Tak menunggu, Harsya dan Anaya masuk ke ruang dokter spesialis kandungan.


Anaya berbaring di ranjang dan dokter memeriksa kondisi calon bayi.


Dokter menjelaskan hasil pemeriksaan tak lupa ia menunjukkan layar monitor yang memperlihatkan perkembangan embrio yang kini berusia 6 minggu.


"Selama kehamilan, saya harap Nona Anaya tidak stress karena itu akan mempengaruhi calon buah hati kalian. Pastikan Nona Anaya tetap tenang dan harus happy," jelas Dokter.


Harsya yang kejam mendengarkan semua penjelasan sang dokter.


"Jangan lupa tetap makan, Nona!"


"Iya, Dok." Anaya mencoba tersenyum meskipun tubuhnya begitu lemas.


-


Selesai berkonsultasi dengan dokter, Harsya memutuskan pulang ke rumah utama karena lebih dekat dari rumah sakit. Jika harus ke rumah yang kedua, ia takut istrinya akan merasa lelah.


Begitu tiba di rumah Harsya, Rissa yang mendorong kursi roda lantas setengah berdiri, mendekati wajah Anaya dan berbisik, "Ini waktunya kamu balas dendam!"


Anaya mendongakkan wajahnya menatap Rissa yang telah berdiri tegak sempurna lalu mengangguk pelan.


Rissa mendorong kursi ke kamar Anaya yang pindah ke lantai bawah karena tak memungkinkan wanita itu harus naik turun menggunakan tangga.


Rissa masuk ke kamar, gegas ia mengunci pintu. Karena tadi ia membujuk Harsya agar semua urusan Anaya dirinya yang mengatur, setelah dari rumah sakit Harsya pergi ke kantornya.


Rissa mendorong kursi roda ke ranjang dan membantu Anaya berdiri.


Anaya merebahkan tubuhnya di ranjang.


"Jadikan kehamilanmu untuk membuat Harsya tunduk padamu!"


"Bagaimana caranya, Kak?"


"Ya, kamu bersikap manja atau apalah. Dan kamu bilang sangat sakit hati ketika Harsya melarangmu memakai barang-barang mantan kekasihnya. Jadi, sekarang waktunya kamu gunakan saja barang-barang itu!"


"Bagaimana kalau dia marah dan membenciku?"


"Aku akan datang membelamu."


"Tubuhku masih lemas, belum mampu untuk marah-marah," Anaya tertawa nyengir.

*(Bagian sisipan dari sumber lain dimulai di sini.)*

definition smooth_step :: "real \<Rightarrow> real \<Rightarrow> real \<Rightarrow> real" where
  "smooth_step a b x = poly_exp_inv 1 (b - x) / (poly_exp_inv 1 (b - x) + poly_exp_inv 1 (x - a))"

lemma smooth_step_denominator_pos:
  assumes "a < b"
  shows "poly_exp_inv 1 (b - x) + poly_exp_inv 1 (x - a) > 0"
proof (cases "x < b")
  case True
  then show ?thesis using poly_exp_inv_1_pos[of "b - x"] poly_exp_inv_1_nonneg[of "x - a"] by simp
next
  case False
  then show ?thesis using assms poly_exp_inv_1_pos[of "x - a"] poly_exp_inv_1_nonneg[of "b - x"] by simp
qed

lemma smooth_step_nonneg: "a < b \<Longrightarrow> 0 \<le> smooth_step a b x"
  using smooth_step_denominator_pos poly_exp_inv_1_nonneg by (simp add: smooth_step_def)

lemma smooth_step_le_1: "a < b \<Longrightarrow> smooth_step a b x \<le> 1"
  using smooth_step_denominator_pos poly_exp_inv_1_nonneg by (simp add: smooth_step_def)

lemma smooth_step_eq_1: "a < b \<Longrightarrow> x \<le> a \<Longrightarrow> smooth_step a b x = 1"
  using poly_exp_inv_1_pos[of "b - x"] by (simp add: smooth_step_def poly_exp_inv_nonpos)

lemma smooth_step_eq_0: "b \<le> x \<Longrightarrow> smooth_step a b x = 0"
  by (simp add: smooth_step_def poly_exp_inv_nonpos)

lemma smooth_on_smooth_step:
  assumes "a < b" and u: "smooth_on S (\<lambda>x. of_real (u x))"
  shows "smooth_on S (\<lambda>x. of_real (smooth_step a b (u x)))"
proof -
  have "smooth_on S (\<lambda>x. of_real (b - u x))" "smooth_on S (\<lambda>x. of_real (u x - a))"
    using smooth_on_diff[OF smooth_on_const u] smooth_on_diff[OF u smooth_on_const] by simp_all
  then have num: "smooth_on S (\<lambda>x. of_real (poly_exp_inv 1 (b - u x)))"
    and den: "smooth_on S (\<lambda>x. of_real (poly_exp_inv 1 (b - u x)) + of_real (poly_exp_inv 1 (u x - a)))"
    by (simp_all add: smooth_on_poly_exp_inv smooth_on_add)
  have "of_real (poly_exp_inv 1 (b - u x)) + of_real (poly_exp_inv 1 (u x - a)) \<noteq> (0 :: complex)" for x
    using smooth_step_denominator_pos[OF \<open>a < b\<close>, of "u x"] by (metis of_real_add of_real_eq_0_iff less_irrefl)
  then have "smooth_on S (\<lambda>x. of_real (poly_exp_inv 1 (b - u x)) *
      inverse (of_real (poly_exp_inv 1 (b - u x)) + of_real (poly_exp_inv 1 (u x - a))))"
    by (intro smooth_on_mult[OF num] smooth_on_inverse[OF den])
  then show ?thesis
    by (simp add: smooth_step_def divide_inverse)
qed

section \<open>Pushing the punctured disc outwards\<close>

definition pushed_norm_sq :: "real \<Rightarrow> real \<Rightarrow> real \<Rightarrow> real" where
  "pushed_norm_sq r \<rho> s = s + smooth_step (r\<^sup>2) (\<rho>\<^sup>2) s * (r\<^sup>2 - s)"

definition push_out :: "real \<Rightarrow> real \<Rightarrow> complex \<Rightarrow> complex" where
  "push_out r \<rho> w = w * csqrt (of_real (pushed_norm_sq r \<rho> ((norm w)\<^sup>2) / (norm w)\<^sup>2))"

lemma pushed_norm_sq_ge:
  assumes "0 < r" "r < \<rho>"
  shows "r\<^sup>2 \<le> pushed_norm_sq r \<rho> s"
proof (cases "s < r\<^sup>2")
  case True
  have "r\<^sup>2 < \<rho>\<^sup>2" using assms by (simp add: power_strict_mono)
  with True show ?thesis by (simp add: pushed_norm_sq_def smooth_step_eq_1)
next
  case False
  have "r\<^sup>2 < \<rho>\<^sup>2" using assms by (simp add: power_strict_mono)
  with False have "0 \<le> (1 - smooth_step (r\<^sup>2) (\<rho>\<^sup>2) s) * (s - r\<^sup>2)"
    by (intro mult_nonneg_nonneg) (simp_all add: smooth_step_le_1)
  then show ?thesis by (simp add: pushed_norm_sq_def algebra_simps)
qed

lemma pushed_norm_sq_less_1:
  assumes "0 < r" "r < \<rho>" "\<rho> < 1" "s < 1"
  shows "pushed_norm_sq r \<rho> s < 1"
proof -
  define t where "t = smooth_step (r\<^sup>2) (\<rho>\<^sup>2) s"
  have "r\<^sup>2 < \<rho>\<^sup>2" "r\<^sup>2 < 1" using assms by (simp_all add: power_strict_mono power_less_one_iff)
  then have "0 \<le> t" "t \<le> 1" unfolding t_def by (simp_all add: smooth_step_nonneg smooth_step_le_1)
  then have "t * (r\<^sup>2 - s) \<le> max 0 (r\<^sup>2 - s)"
    by (cases "0 \<le> r\<^sup>2 - s") (auto simp: mult_left_le_one_le mult_nonneg_nonpos)
  then show ?thesis
    using \<open>r\<^sup>2 < 1\<close> \<open>s < 1\<close> by (auto simp: pushed_norm_sq_def t_def[symmetric] max_def split: if_splits)
qed

lemma pushed_norm_sq_eq: "\<rho>\<^sup>2 \<le> s \<Longrightarrow> pushed_norm_sq r \<rho> s = s"
  by (simp add: pushed_norm_sq_def smooth_step_eq_0)

lemma norm_push_out:
  assumes "0 < r" "r < \<rho>" "w \<noteq> 0"
  shows "norm (push_out r \<rho> w) = sqrt (pushed_norm_sq r \<rho> ((norm w)\<^sup>2))"
proof -
  define m where "m = pushed_norm_sq r \<rho> ((norm w)\<^sup>2)"
  have "0 < m" unfolding m_def using pushed_norm_sq_ge[OF assms(1,2)] assms(1)
    by (meson order_less_le_trans zero_less_power)
  then have "0 < m / (norm w)\<^sup>2" using assms(3) by simp
  then have "norm (csqrt (of_real (m / (norm w)\<^sup>2))) = sqrt (m / (norm w)\<^sup>2)"
    by (simp only: norm_csqrt norm_of_real abs_of_pos)
  then have "norm (push_out r \<rho> w) = sqrt ((norm w)\<^sup>2) * sqrt (m / (norm w)\<^sup>2)"
    by (simp add: push_out_def m_def norm_mult)
  also have "\<dots> = sqrt ((norm w)\<^sup>2 * (m / (norm w)\<^sup>2))"
    by (simp only: real_sqrt_mult)
  also have "\<dots> = sqrt m"
    using assms(3) by simp
  finally show ?thesis unfolding m_def .
qed

lemma norm_push_out_ge: "0 < r \<Longrightarrow> r < \<rho> \<Longrightarrow> w \<noteq> 0 \<Longrightarrow> r \<le> norm (push_out r \<rho> w)"
  by (simp add: norm_push_out pushed_norm_sq_ge real_le_rsqrt)

lemma push_out_in_punctured_disc:
  assumes "0 < r" "r < \<rho>" "\<rho> < 1" "w \<in> ball 0 1 - {0}"
  shows "push_out r \<rho> w \<in> ball 0 1 - {0}"
proof -
  have "(norm w)\<^sup>2 < 1" using assms(4) by (simp add: power_less_one_iff)
  then have "norm (push_out r \<rho> w) < 1"
    using assms by (simp add: norm_push_out pushed_norm_sq_less_1)
  moreover have "push_out r \<rho> w \<noteq> 0"
    using norm_push_out_ge[OF assms(1,2)] assms(1,4) by force
  ultimately show ?thesis by simp
qed

lemma push_out_eq_self:
  assumes "0 < \<rho>" "\<rho> \<le> norm w"
  shows "push_out r \<rho> w = w"
proof -
  have "\<rho>\<^sup>2 \<le> (norm w)\<^sup>2" using assms by (simp add: power_mono)
  moreover have "w \<noteq> 0" using assms by auto
  ultimately show ?thesis by (simp add: push_out_def pushed_norm_sq_eq)
qed

lemma smooth_on_push_out:
  assumes "0 < r" "r < \<rho>"
  shows "smooth_on (- {0}) (push_out r \<rho>)"
proof -
  define s where "s w = (norm w)\<^sup>2" for w :: complex
  have "smooth_on (- {0}) (\<lambda>w. w * cnj w)"
    by (intro smooth_on_mult bounded_linear_imp_smooth_on bounded_linear_ident bounded_linear_cnj)
  then have s: "smooth_on (- {0}) (\<lambda>w. of_real (s w))"
    unfolding s_def complex_norm_square .
  then have "smooth_on (- {0}) (\<lambda>w. of_real (smooth_step (r\<^sup>2) (\<rho>\<^sup>2) (s w)))"
    using assms by (intro smooth_on_smooth_step) (simp_all add: power_strict_mono)
  then have "smooth_on (- {0}) (\<lambda>w. of_real (s w) +
      of_real (smooth_step (r\<^sup>2) (\<rho>\<^sup>2) (s w)) * (of_real (r\<^sup>2) - of_real (s w)))"
    by (intro smooth_on_add[OF s] smooth_on_mult smooth_on_diff[OF smooth_on_const s])
  then have "smooth_on (- {0}) (\<lambda>w. of_real (pushed_norm_sq r \<rho> (s w)) * inverse (of_real (s w)))"
    by (intro smooth_on_mult smooth_on_inverse[OF s]) (simp_all add: pushed_norm_sq_def s_def)
  then have q: "smooth_on (- {0}) (\<lambda>w. of_real (pushed_norm_sq r \<rho> (s w) / s w))"
    by (simp add: divide_inverse)
  have "of_real (pushed_norm_sq r \<rho> (s w) / s w) \<notin> \<real>\<^sub>\<le>\<^sub>0" if "w \<in> - {0}" for w
  proof -
    have "0 < pushed_norm_sq r \<rho> (s w)"
      using pushed_norm_sq_ge[OF assms] assms(1) by (meson order_less_le_trans zero_less_power)
    then have "0 < pushed_norm_sq r \<rho> (s w) / s w"
      using that by (intro divide_pos_pos) (simp_all add: s_def)
    then show ?thesis
      by (simp add: complex_nonpos_Reals_iff del: of_real_divide)
  qed
  then have "smooth_on (- {0}) (\<lambda>w. csqrt (of_real (pushed_norm_sq r \<rho> (s w) / s w)))"
    by (rule smooth_on_csqrt[OF q])
  then show ?thesis
    unfolding push_out_def[abs_def] s_def[symmetric]
    by (rule smooth_on_mult[OF bounded_linear_imp_smooth_on[OF bounded_linear_ident]])
qed

section \<open>Conjugation by a Riemann map\<close>

lemma Riemann_mapping_centred:
  assumes "open S" "simply_connected S" "S \<noteq> UNIV" "a \<in> S"
  obtains f g where "f holomorphic_on S" "g holomorphic_on ball 0 1"
    "\<And>z. z \<in> S \<Longrightarrow> f z \<in> ball 0 1 \<and> g (f z) = z"
    "\<And>w. w \<in> ball 0 1 \<Longrightarrow> g w \<in> S \<and> f (g w) = w"
    "f a = 0"
proof -
  obtain f0 g0 where f0: "f0 holomorphic_on S" and g0: "g0 holomorphic_on ball 0 1"
    and f0g0: "\<And>z. z \<in> S \<Longrightarrow> f0 z \<in> ball 0 1 \<and> g0 (f0 z) = z"
    and g0f0: "\<And>w. w \<in> ball 0 1 \<Longrightarrow> g0 w \<in> S \<and> f0 (g0 w) = w"
    using Riemann_mapping_theorem[of S] assms by blast
  obtain M N where "M (f0 a) = 0" and M: "M holomorphic_on ball 0 1" "M ` ball 0 1 \<subseteq> ball 0 1"
    and N: "N holomorphic_on ball 0 1" "N ` ball 0 1 \<subseteq> ball 0 1"
    and MN: "\<And>w. w \<in> ball 0 1 \<Longrightarrow> M (N w) = w" and NM: "\<And>w. w \<in> ball 0 1 \<Longrightarrow> N (M w) = w"
    using ball_biholomorphism_exists[of "f0 a"] f0g0[OF \<open>a \<in> S\<close>] by metis
  show ?thesis
  proof
    have "f0 ` S \<subseteq> ball 0 1" using f0g0 by blast
    then show "(\<lambda>z. M (f0 z)) holomorphic_on S"
      using holomorphic_on_compose_gen[OF f0 M(1)] by (simp add: o_def)
    show "(\<lambda>w. g0 (N w)) holomorphic_on ball 0 1"
      using holomorphic_on_compose_gen[OF N(1) g0 N(2)] by (simp add: o_def)
    show "M (f0 z) \<in> ball 0 1 \<and> g0 (N (M (f0 z))) = z" if "z \<in> S" for z
      using f0g0[OF that] M(2) NM by (simp add: image_subset_iff)
    show "g0 (N w) \<in> S \<and> M (f0 (g0 (N w))) = w" if "w \<in> ball 0 1" for w
      using g0f0 MN N(2) that by (simp add: image_subset_iff)
  qed fact
qed

lemma compact_in_ball_imp_in_smaller_ball:
  fixes K :: "'a :: real_normed_vector set"
  assumes "compact K" "K \<subseteq> ball 0 1"
  obtains r where "0 < r" "r < 1" "K \<subseteq> ball 0 r"
proof (cases "K = {}")
  case True
  then show ?thesis using that[of "1 / 2"] by simp
next
  case False
  obtain k0 where "k0 \<in> K" and k0: "\<And>k. k \<in> K \<Longrightarrow> norm k \<le> norm k0"
    using continuous_attains_sup[OF assms(1) False continuous_on_norm_id] by blast
  have "norm k0 < 1" using assms(2) \<open>k0 \<in> K\<close> by auto
  show ?thesis
  proof (rule that[of "(norm k0 + 1) / 2"])
    show "0 < (norm k0 + 1) / 2"
      by (simp add: add_nonneg_pos)
    show "(norm k0 + 1) / 2 < 1"
      using \<open>norm k0 < 1\<close> by (simp add: field_simps)
    show "K \<subseteq> ball 0 ((norm k0 + 1) / 2)"
      using k0 \<open>norm k0 < 1\<close> by (fastforce simp: subset_iff)
  qed
qed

"Dokter tadi sudah memberikan obat anti mual dan obat penambah selera makan. Kemungkinan beberapa hari lagi tubuhmu akan kembali fit meskipun tidak seperti hari-hari biasanya karena ada calon bayi kalian di perutmu."


"Iya, Kak. Aku akan menjalankan rencana kita, jika dia memang masih mencintai mantan kekasihnya itu untuk apa menikahiku."


"Dan juga menghamilimu!" sambung Rissa. "Sekarang aku akan meminta pelayan untuk membuatkan sop ayam dan buah potong. Tunggulah sebentar di sini!" lanjutnya.


"Iya, Kak."


Rissa pun lantas keluar kamar dan berjalan ke arah dapur.